- Directed by: Negin Farsad; Kimmy Gatewood;
- Produced by: Kimmy Gatewood; Andrew Mendelson;
- Starring: Damian Hess
- Cinematography: Brendan Kennedy
- Edited by: Andrew Mendelson
- Release date: March 9, 2008;
- Running time: 80 minutes
- Country: United States
- Language: English

= Nerdcore Rising (film) =

Nerdcore Rising is a documentary/concert film starring MC Frontalot and other nerdcore hip hop artists such as MC Chris, Wheelie Cyberman of Optimus Rhyme and MC Lars, with contributors from artists such as "Weird Al" Yankovic, Prince Paul, and Brian Posehn.
The film, directed and produced by Negin Farsad, was premiered at the 2008 South by Southwest festival in Austin, Texas. It combines interviews about nerdcore and its origins with footage of MC Frontalot's 2006 Nerdcore Rising national tour.

== Film content ==
The film investigates the nerdcore genre of hip-hop music, following the godfather of the genre, MC Frontalot, nerdcore's 'poet laureate', on his first national tour, in the company of band-mates Gaby Alter ("G Minor 7"), the keyboard player; Strugis the drummer and 'flirt of the band'; and Brandon Patton ("Blak Lotus"), the bass guitarist.
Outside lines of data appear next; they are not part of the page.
lemma netw_act_dist_Suc:
  assumes r: "r \<ge> 1" and k: "1 \<le> k"
    and D: "\<And>j. j \<in> {1..l k} \<Longrightarrow> \<bar>netw l (act r) \<theta> k x j - netw l (\<lambda>_. relu) \<theta> k x j\<bar> \<le> D"
  shows "\<bar>netw l (act r) \<theta> (Suc k) x i - netw l (\<lambda>_. relu) \<theta> (Suc k) x i\<bar>
    \<le> (\<Sum>j=1..l k. \<bar>wgt l (Suc k) \<theta> i j\<bar>) * (c * D + B * r powr (- (1 / real k)))"
proof -
  have diff: "netw l (act r) \<theta> (Suc k) x i - netw l (\<lambda>_. relu) \<theta> (Suc k) x i =
      (\<Sum>j=1..l k. wgt l (Suc k) \<theta> i j * (act r k (netw l (act r) \<theta> k x j) - relu (netw l (\<lambda>_. relu) \<theta> k x j)))"
    using k by (simp add: netw_Suc activated_def affine_def algebra_simps sum_subtractf)
  have "\<bar>\<Sum>j=1..l k. wgt l (Suc k) \<theta> i j * (act r k (netw l (act r) \<theta> k x j) - relu (netw l (\<lambda>_. relu) \<theta> k x j))\<bar>
      \<le> (\<Sum>j=1..l k. \<bar>wgt l (Suc k) \<theta> i j\<bar> * (c * D + B * r powr (- (1 / real k))))"
  proof (intro order.trans[OF sum_abs] sum_mono)
    fix j assume j: "j \<in> {1..l k}"
    have "\<bar>act r k (netw l (act r) \<theta> k x j) - relu (netw l (\<lambda>_. relu) \<theta> k x j)\<bar>
        \<le> c * \<bar>netw l (act r) \<theta> k x j - netw l (\<lambda>_. relu) \<theta> k x j\<bar> + B * r powr (- (1 / real k))"
      by (rule act_relu_dist[OF r])
    also have "\<dots> \<le> c * D + B * r powr (- (1 / real k))"
      using D[OF j] deriv_bound_nonneg by (intro add_right_mono mult_left_mono)
    finally show "\<bar>wgt l (Suc k) \<theta> i j * (act r k (netw l (act r) \<theta> k x j) - relu (netw l (\<lambda>_. relu) \<theta> k x j))\<bar>
        \<le> \<bar>wgt l (Suc k) \<theta> i j\<bar> * (c * D + B * r powr (- (1 / real k)))"
      unfolding abs_mult by (rule mult_left_mono) simp
  qed
  then show ?thesis
    unfolding diff by (simp add: sum_distrib_right)
qed

text \<open>The first layer is affine, hence the same for all activations; every further layer adds an
  error of order \<open>r powr (- 1 / k)\<close>, where \<open>k\<close> is the index of the previous layer.\<close>

lemma netw_act_rate:
  "\<exists>C\<ge>0. \<forall>r\<ge>1. \<forall>i\<in>{1..l (Suc k)}. \<bar>netw l (act r) \<theta> (Suc k) x i - netw l (\<lambda>_. relu) \<theta> (Suc k) x i\<bar>
     \<le> C * (if k = 0 then 0 else r powr (- (1 / real k)))"
proof (induction k)
  case (Suc k)
  then obtain C where C: "C \<ge> 0" "\<And>r i. r \<ge> 1 \<Longrightarrow> i \<in> {1..l (Suc k)} \<Longrightarrow>
      \<bar>netw l (act r) \<theta> (Suc k) x i - netw l (\<lambda>_. relu) \<theta> (Suc k) x i\<bar>
      \<le> C * (if k = 0 then 0 else r powr (- (1 / real k)))"
    by blast
  define W where "W = (\<Sum>i=1..l (Suc (Suc k)). \<Sum>j=1..l (Suc k). \<bar>wgt l (Suc (Suc k)) \<theta> i j\<bar>)"
  have "\<bar>netw l (act r) \<theta> (Suc (Suc k)) x i - netw l (\<lambda>_. relu) \<theta> (Suc (Suc k)) x i\<bar>
      \<le> W * (c * C + B) * r powr (- (1 / real (Suc k)))"
    if r: "r \<ge> 1" and i: "i \<in> {1..l (Suc (Suc k))}" for r i
  proof -
    have previous: "\<bar>netw l (act r) \<theta> (Suc k) x j - netw l (\<lambda>_. relu) \<theta> (Suc k) x j\<bar>
        \<le> C * r powr (- (1 / real (Suc k)))" if j: "j \<in> {1..l (Suc k)}" for j
    proof -
      have "C * (if k = 0 then 0 else r powr (- (1 / real k))) \<le> C * r powr (- (1 / real (Suc k)))"
        using r C(1) by (intro mult_left_mono) (auto intro!: powr_mono simp: field_simps)
      with C(2)[OF r j] show ?thesis
        by linarith
    qed
    have "\<bar>netw l (act r) \<theta> (Suc (Suc k)) x i - netw l (\<lambda>_. relu) \<theta> (Suc (Suc k)) x i\<bar>
        \<le> (\<Sum>j=1..l (Suc k). \<bar>wgt l (Suc (Suc k)) \<theta> i j\<bar>)
           * (c * (C * r powr (- (1 / real (Suc k)))) + B * r powr (- (1 / real (Suc k))))"
      by (rule netw_act_dist_Suc[OF r _ previous]) simp_all
    also have "\<dots> = (\<Sum>j=1..l (Suc k). \<bar>wgt l (Suc (Suc k)) \<theta> i j\<bar>) * ((c * C + B) * r powr (- (1 / real (Suc k))))"
      by (simp add: algebra_simps)
    also have "\<dots> \<le> W * ((c * C + B) * r powr (- (1 / real (Suc k))))"
      unfolding W_def using i deriv_bound_nonneg C(1) A_pos A_less_B
      by (intro mult_right_mono member_le_sum[where f = "\<lambda>i. \<Sum>j=1..l (Suc k). \<bar>wgt l (Suc (Suc k)) \<theta> i j\<bar>"])
         (auto intro: sum_nonneg)
    finally show ?thesis
      by (simp add: mult.assoc)
  qed
  moreover have "0 \<le> W * (c * C + B)"
    unfolding W_def using deriv_bound_nonneg C(1) A_pos A_less_B
    by (intro mult_nonneg_nonneg sum_nonneg add_nonneg_nonneg) auto
  ultimately show ?case
    by (intro exI[of _ "W * (c * C + B)"]) simp
qed (intro exI[of _ 0], simp)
Beginning in South Carolina and culminating at the Penny Arcade Expo in Seattle, masses of fans across the country come out to hear Frontalot's music as he strives to achieve mainstream success. Behind the scenes, relationships among Frontalot and his band are challenged by their experiences on the road. Frontalot and Alter, are childhood friends, and both met Patton in college. Strugis, tries to fit in as the new member and Brandon, is a taskmaster in Sturgis.
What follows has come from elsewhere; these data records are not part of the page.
text \<open>The derivative \<partial>_s^\<alpha> \<partial>_t^\<beta> of e^(-(s-t)^2/2).\<close>

definition gauss_deriv_kernel :: "real \<Rightarrow> real \<Rightarrow> bool \<Rightarrow> bool \<Rightarrow> real" where
  "gauss_deriv_kernel s t \<alpha> \<beta> = exp (-((s - t)^2) / 2) *
     (if \<alpha> then (if \<beta> then 1 - (s - t)^2 else -(s - t)) else (if \<beta> then s - t else 1))"

text \<open>For \<alpha>, the derivative in s of e^(-s^2/2) s^n / sqrt(n!).\<close>

definition gauss_feature :: "bool \<Rightarrow> real \<Rightarrow> nat \<Rightarrow> real" where
  "gauss_feature \<alpha> s n =
     exp (-(s^2) / 2) * (if \<alpha> then real n * s^(n-1) - s^(n+1) else s^n) / sqrt (fact n)"

lemma gauss_feature_sums:
  "(\<lambda>n. gauss_feature \<alpha> s n * gauss_feature \<beta> t n) sums gauss_deriv_kernel s t \<alpha> \<beta>"
proof -
  define a where "a = (if \<alpha> then 1 else 0 :: real)"
  define b where "b = (if \<alpha> then -s else 1)"
  define c where "c = (if \<beta> then 1 else 0 :: real)"
  define d where "d = (if \<beta> then -t else 1)"
  define E where "E = exp (-(s^2) / 2) * exp (-(t^2) / 2)"
  have series: "(\<lambda>n. E * ((a * real n * s^(n-1) + b * s^n) * (c * real n * t^(n-1) + d * t^n) / fact n))
      sums (E * ((a * c * (1 + s * t) + a * d * t + b * c * s + b * d) * exp (s * t)))"
    by (intro sums_mult sums_exp_bilinear)
  have features: "gauss_feature \<alpha> s n * gauss_feature \<beta> t n
      = E * ((a * real n * s^(n-1) + b * s^n) * (c * real n * t^(n-1) + d * t^n) / fact n)" for n
    by (simp add: gauss_feature_def a_def b_def c_def d_def E_def)
  have gauss: "E * exp (s * t) = exp (-((s - t)^2) / 2)"
    unfolding E_def by (simp add: exp_add[symmetric] power2_eq_square algebra_simps)
  have coeff: "a * c * (1 + s * t) + a * d * t + b * c * s + b * d
      = (if \<alpha> then (if \<beta> then 1 - (s - t)^2 else -(s - t)) else (if \<beta> then s - t else 1))"
    by (simp add: a_def b_def c_def d_def power2_eq_square algebra_simps)
  have "E * ((a * c * (1 + s * t) + a * d * t + b * c * s + b * d) * exp (s * t))
      = gauss_deriv_kernel s t \<alpha> \<beta>"
    unfolding gauss_deriv_kernel_def gauss[symmetric] coeff by (simp only: mult_ac)
  with series show ?thesis unfolding features by simp
qed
Throughout the film, music industry notables provide insight into Nerdcore. Old school trailblazers like Prince Paul and contemporary hip hop aficionados like J-Live examine the legitimacy of nerdcore as a subgenre of hip hop. Celebrities like "Weird Al" Yankovic discuss the origins of nerdcore while Penny Arcade creators Mike Krahulik and Jerry Holkins, expounding on the digital revolution that is enabling the nerdcore movement.

== Reception ==

Reviews of this documentary are generally favourable. Mel Valentin of Slash Film described it as "an engrossing documentary directed by Negin Farsad, [that] will answer any and all questions you may have about nerdcore, a relatively new hip-hop genre made by and for nerds." Paul Bower of "Tiny Mixed Tapes" concluded "With the added benefit of interviews with artists like Prince Paul, "Weird Al" Yankovic, and Jello Biafra, Nerdcore Rising serves as an entertaining yet fluffy documentary about one of the most laughably interesting forms of musical expression in the West."

== DVD release ==
The DVD of Nerdcore Rising was sold in limited release in August 2008. It was sold for the first time at the 2008 Penny Arcade Expo in Seattle. It was released widely on 15 September 2009.